Such a schema articulates the requirements for your output, to data engineers and systems alike, serving as both the map for your data journey and the enforcer for your data project.
3. Monitoring for data quality
With the specifications in place and web data flowing in, your team can configure different variables and checks to actually monitor for DQ.
In web data extraction, a “monitor” is like a “test case” in software development at large – a set of instructions for ensuring proper functioning.
Teams using Scrapy, one of the world’s main software frameworks for web data extraction, can also harness the Spidermon monitoring framework, a perfect complement for verifying extracted data against your mandated schema.

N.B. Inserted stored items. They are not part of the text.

text \<open>Unrolling the recursion for the indices of inseparability gives
  \<open>i\<^sub>j \<le> \<tilde>i\<^sub>t + (t - j) v\<^sub>L(p)\<close> for \<open>j \<le> t \<le> \<nu>\<close>, with equality for some \<open>t\<close>; hence \<open>i\<^sub>j\<close> is the least
  value of \<open>h + d v\<^sub>L(p)\<close> over \<open>a\<^sub>h \<noteq> 0\<close> and \<open>v\<^sub>p(h + n) \<le> j + d\<close>.
  By Kummer, \<open>v\<^sub>p(binom (h + n) (p\<^sup>j\<^sup>0)) = v\<^sub>p(h + n) - j\<^sub>0\<close> whenever \<open>j\<^sub>0 \<le> v\<^sub>p(h + n)\<close>, so the
  binomial coefficient contributes exactly the optimal \<open>d v\<^sub>L(p)\<close>, and a term with
  \<open>j\<^sub>0 > v\<^sub>p(h + n)\<close> is dominated by the same term at level \<open>v\<^sub>p(h + n)\<close>.\<close>

lemma multiplicity_choose_prime_power:
  fixes p m k :: nat
  assumes "prime p" and "0 < m" and "k \<le> multiplicity p m"
  shows "multiplicity p (m choose p ^ k) = multiplicity p m - k"
proof -
  obtain c where m: "m = p ^ k * c"
    using multiplicity_dvd'[OF assms(3)] by (elim dvdE)
  with assms(2) have "0 < c" by simp
  with assms(1) m have "multiplicity p m = k + multiplicity p c"
    by (simp add: prime_elem_multiplicity_mult_distrib)
  then show ?thesis
    using const_p_fac[OF \<open>0 < c\<close> assms(1), of k] m by simp
qed

lemma ereal_zero_times [simp]: "ereal 0 * (v::ereal) = 0"
  by (cases v) auto

lemma vL_nat_nonneg: "0 \<le> vLp \<Longrightarrow> 0 \<le> vL_nat p vLp m"
  unfolding vL_nat_def by simp

lemma vL_nat_choose_prime_power:
  assumes "prime p" and "0 < m" and "k \<le> multiplicity p m"
  shows "vL_nat p vLp (m choose p ^ k) = ereal (real (multiplicity p m - k)) * vLp"
proof -
  have "p ^ k \<le> m"
    using multiplicity_dvd'[OF assms(3)] assms(2) by (simp add: dvd_imp_le)
  then show ?thesis
    unfolding vL_nat_def using multiplicity_choose_prime_power[OF assms] by simp
qed

lemma vL_nat_choose_prime_power_ge:
  assumes "prime p" and "0 < m" and "0 \<le> vLp"
  shows "ereal (real (multiplicity p m - k)) * vLp \<le> vL_nat p vLp (m choose p ^ k)"
proof (cases "k \<le> multiplicity p m")
  case True
  then show ?thesis
    using vL_nat_choose_prime_power[OF assms(1,2)] by simp
next
  case False
  then show ?thesis
    using vL_nat_nonneg[OF assms(3)] by simp
qed

lemma ereal_of_nat_Suc_mult: "0 \<le> (v::ereal) \<Longrightarrow> ereal (real (Suc d)) * v = ereal (real d) * v + v"
  by (cases v) (auto simp: algebra_simps)

lemma ereal_of_nat_mult_mono: "0 \<le> (v::ereal) \<Longrightarrow> d \<le> d' \<Longrightarrow> ereal (real d) * v \<le> ereal (real d') * v"
  by (rule ereal_mult_right_mono) auto

lemma prime_power_mult_mono:
  fixes x :: real
  assumes "prime p" and "s \<le> t" and "0 \<le> x"
  shows "ereal (real (p ^ s) * x) \<le> ereal (real (p ^ t) * x)"
proof -
  have "p ^ s \<le> p ^ t"
    using assms(1,2) prime_gt_0_nat[of p] by (intro power_increasing) auto
  then have "real (p ^ s) \<le> real (p ^ t)"
    by (simp only: of_nat_le_iff)
  with assms(3) show ?thesis
    by (simp only: ereal_less_eq mult_right_mono)
qed

lemma itilde_nonneg: "0 \<le> itilde p n a t"
  unfolding itilde_def by (rule INF_greatest) simp

lemma itilde_le: "multiplicity p (h + n) \<le> t \<Longrightarrow> a h \<noteq> 0 \<Longrightarrow> itilde p n a t \<le> ereal (real h)"
  unfolding itilde_def by (rule INF_lower) simp

lemma itilde_attained:
  assumes "itilde p n a t \<noteq> \<infinity>"
  obtains h where "multiplicity p (h + n) \<le> t" and "a h \<noteq> 0" and "itilde p n a t = ereal (real h)"
proof -
  define S where "S = {h. multiplicity p (h + n) \<le> t \<and> a h \<noteq> 0}"
  have "S \<noteq> {}"
    using assms unfolding itilde_def S_def[symmetric] by (auto simp: top_ereal_def)
  then have "(LEAST h. h \<in> S) \<in> S"
    by (auto intro: LeastI)
  moreover have "itilde p n a t = ereal (real (LEAST h. h \<in> S))"
    unfolding itilde_def S_def[symmetric]
    by (rule antisym, rule INF_lower[OF calculation], rule INF_greatest) (simp add: Least_le)
  ultimately show ?thesis
    using that unfolding S_def by blast
qed

lemma insep_index_top: "insep_index p n a vLp (multiplicity p n) = 0"
  by (simp add: insep_index_def)

lemma insep_index_step:
  assumes "j < multiplicity p n"
  shows "insep_index p n a vLp j = min (itilde p n a j) (insep_index p n a vLp (Suc j) + vLp)"
proof -
  have "multiplicity p n - j = Suc (multiplicity p n - Suc j)"
    using assms by simp
  then show ?thesis
    using assms by (simp add: insep_index_def)
qed

lemma insep_index_le_itilde:
  assumes "0 \<le> vLp" and "j \<le> t" and "t \<le> multiplicity p n"
  shows "insep_index p n a vLp j \<le> itilde p n a t + ereal (real (t - j)) * vLp"
  using assms(2)
proof (induction j rule: inc_induct)
  case base
  show ?case
  proof (cases "t = multiplicity p n")
    case True
    then show ?thesis by (simp add: insep_index_top itilde_nonneg)
  next
    case False
    with assms(3) show ?thesis by (simp add: insep_index_step)
  qed
next
  case (step j)
  have "insep_index p n a vLp j \<le> insep_index p n a vLp (Suc j) + vLp"
    using step.hyps assms(3) by (simp add: insep_index_step)
  also have "\<dots> \<le> itilde p n a t + ereal (real (t - Suc j)) * vLp + vLp"
    using step.IH by (rule add_right_mono)
  also have "\<dots> = itilde p n a t + ereal (real (t - j)) * vLp"
    using step.hyps ereal_of_nat_Suc_mult[OF assms(1), of "t - Suc j"]
    by (simp add: Suc_diff_Suc add.assoc)
  finally show ?case .
qed

lemma insep_index_attained:
  assumes "0 \<le> vLp" and "a 0 \<noteq> 0" and "j \<le> multiplicity p n"
  shows "insep_index p n a vLp j = \<infinity> \<or>
    (\<exists>h d. a h \<noteq> 0 \<and> multiplicity p (h + n) \<le> j + d \<and>
       ereal (real h) + ereal (real d) * vLp \<le> insep_index p n a vLp j)"
  using assms(3)
proof (induction j rule: inc_induct)
  case base
  show ?case
    using assms(2) by (intro disjI2 exI[of _ 0]) (simp add: insep_index_top)
next
  case (step j)
  show ?case
  proof (cases "itilde p n a j \<le> insep_index p n a vLp (Suc j) + vLp")
    case True
    then have eq: "insep_index p n a vLp j = itilde p n a j"
      using step.hyps by (simp add: insep_index_step)
    show ?thesis
    proof (cases "itilde p n a j = \<infinity>")
      case False
      then obtain h where "multiplicity p (h + n) \<le> j" "a h \<noteq> 0" "itilde p n a j = ereal (real h)"
        by (rule itilde_attained)
      then show ?thesis
        using eq by (intro disjI2 exI[of _ h] exI[of _ 0]) simp
    qed (simp add: eq)
  next
    case False
    then have eq: "insep_index p n a vLp j = insep_index p n a vLp (Suc j) + vLp"
      using step.hyps by (simp add: insep_index_step)
    from step.IH show ?thesis
    proof
      assume "insep_index p n a vLp (Suc j) = \<infinity>"
      then show ?thesis
        using eq assms(1) by simp
    next
      assume "\<exists>h d. a h \<noteq> 0 \<and> multiplicity p (h + n) \<le> Suc j + d \<and>
        ereal (real h) + ereal (real d) * vLp \<le> insep_index p n a vLp (Suc j)"
      then obtain h d where hd: "a h \<noteq> 0" "multiplicity p (h + n) \<le> Suc j + d"
        "ereal (real h) + ereal (real d) * vLp \<le> insep_index p n a vLp (Suc j)"
        by blast
      have "ereal (real h) + ereal (real (Suc d)) * vLp = ereal (real h) + ereal (real d) * vLp + vLp"
        using ereal_of_nat_Suc_mult[OF assms(1), of d] by (simp add: add.assoc)
      also have "\<dots> \<le> insep_index p n a vLp j"
        using hd(3) eq by (simp add: add_right_mono)
      finally show ?thesis
        using hd(1,2) by (intro disjI2 exI[of _ h] exI[of _ "Suc d"]) simp
    qed
  qed
qed
lemma lie_gam_contract_n:
  assumes "metric_hypersurface_data U gam ell ell2" "hsd_inverse U gam ell ell2 P n n2" "x \<in> U"
  shows "(\<Sum>b\<in>UNIV. lie_gam n gam x a b * n x b)
    = - ell x a * lie0 n n2 x - 2 * n2 x * sform ell n x a
      + n2 x * ell2 x * pd a n2 x + (n2 x)\<^sup>2 * pd a ell2 x"
proof -
  let ?dn = "\<lambda>c b. pd c (\<lambda>y. n y b) x"
  let ?dl = "\<lambda>c a. pd c (\<lambda>y. ell y a) x"
  have gam_n: "(\<Sum>b\<in>UNIV. gam x c b * n x b) = - n2 x * ell x c" for c
    using assms(2,3) unfolding hsd_inverse_def by (simp add: eq_neg_iff_add_eq_0)
  have d_gam_n: "(\<Sum>b\<in>UNIV. pd c (\<lambda>y. gam y a b) x * n x b + gam x a b * ?dn c b)
      = - pd c n2 x * ell x a - n2 x * ?dl c a" for c
    using pd_gam_n_identity[OF assms, of c a] by simp
  have n_d_gam_n: "(\<Sum>c\<in>UNIV. n x c * (- pd c n2 x * ell x a - n2 x * ?dl c a))
      = - ell x a * lie0 n n2 x - n2 x * (\<Sum>c\<in>UNIV. n x c * ?dl c a)"
    unfolding lie0_def by (simp add: sum_distrib_left sum_subtractf sum_negf algebra_simps)
  have ell_dn: "(\<Sum>c\<in>UNIV. ell x c * ?dn a c)
      = - (\<Sum>c\<in>UNIV. ?dl a c * n x c) - pd a n2 x * ell2 x - n2 x * pd a ell2 x"
    using pd_ell_n_identity[OF assms, of a] by (simp add: sum.distrib)
  have "2 * sform ell n x a = (\<Sum>c\<in>UNIV. n x c * ?dl c a) - (\<Sum>c\<in>UNIV. ?dl a c * n x c)"
    unfolding sform_def Ften_def sum_subtractf[symmetric] sum_distrib_left
    by (intro sum.cong) (simp_all add: field_simps)
  then have n_dl: "(\<Sum>c\<in>UNIV. n x c * ?dl c a) = 2 * sform ell n x a + (\<Sum>c\<in>UNIV. ?dl a c * n x c)"
    by simp
  have "(\<Sum>c\<in>UNIV. ?dn a c * (\<Sum>b\<in>UNIV. gam x c b * n x b))
      = - n2 x * (\<Sum>c\<in>UNIV. ell x c * ?dn a c)"
    unfolding gam_n by (simp add: sum_distrib_left algebra_simps)
  then show ?thesis
    unfolding lie_gam_contract d_gam_n n_d_gam_n ell_dn n_dl
    by (simp add: power2_eq_square algebra_simps)
qed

Spidermon supports data validation against JSON Schema rules and can trigger alerts based on data collection that breaches rules or even fails.
4. Collecting DQ indicators
With monitors in place, what signals actually add up to data quality? Your team can check for quality by testing extracted data against our five dimensions.
Accuracy: validating against the webpage
Does the data being output match the actual content on the target page, or was it spoiled during extraction? Your team can calculate the match rate by running a side-by-side visual comparison of a representative sample of records.
Completeness: validating against the website
Did extraction get all the target records? Overall completeness compares the latest collected record count with the expected number.Field completeness shows how often each field is populated in the collected data. Summary stats of key fields like can be reported in the crawl job metadata to make it easier to spot issues.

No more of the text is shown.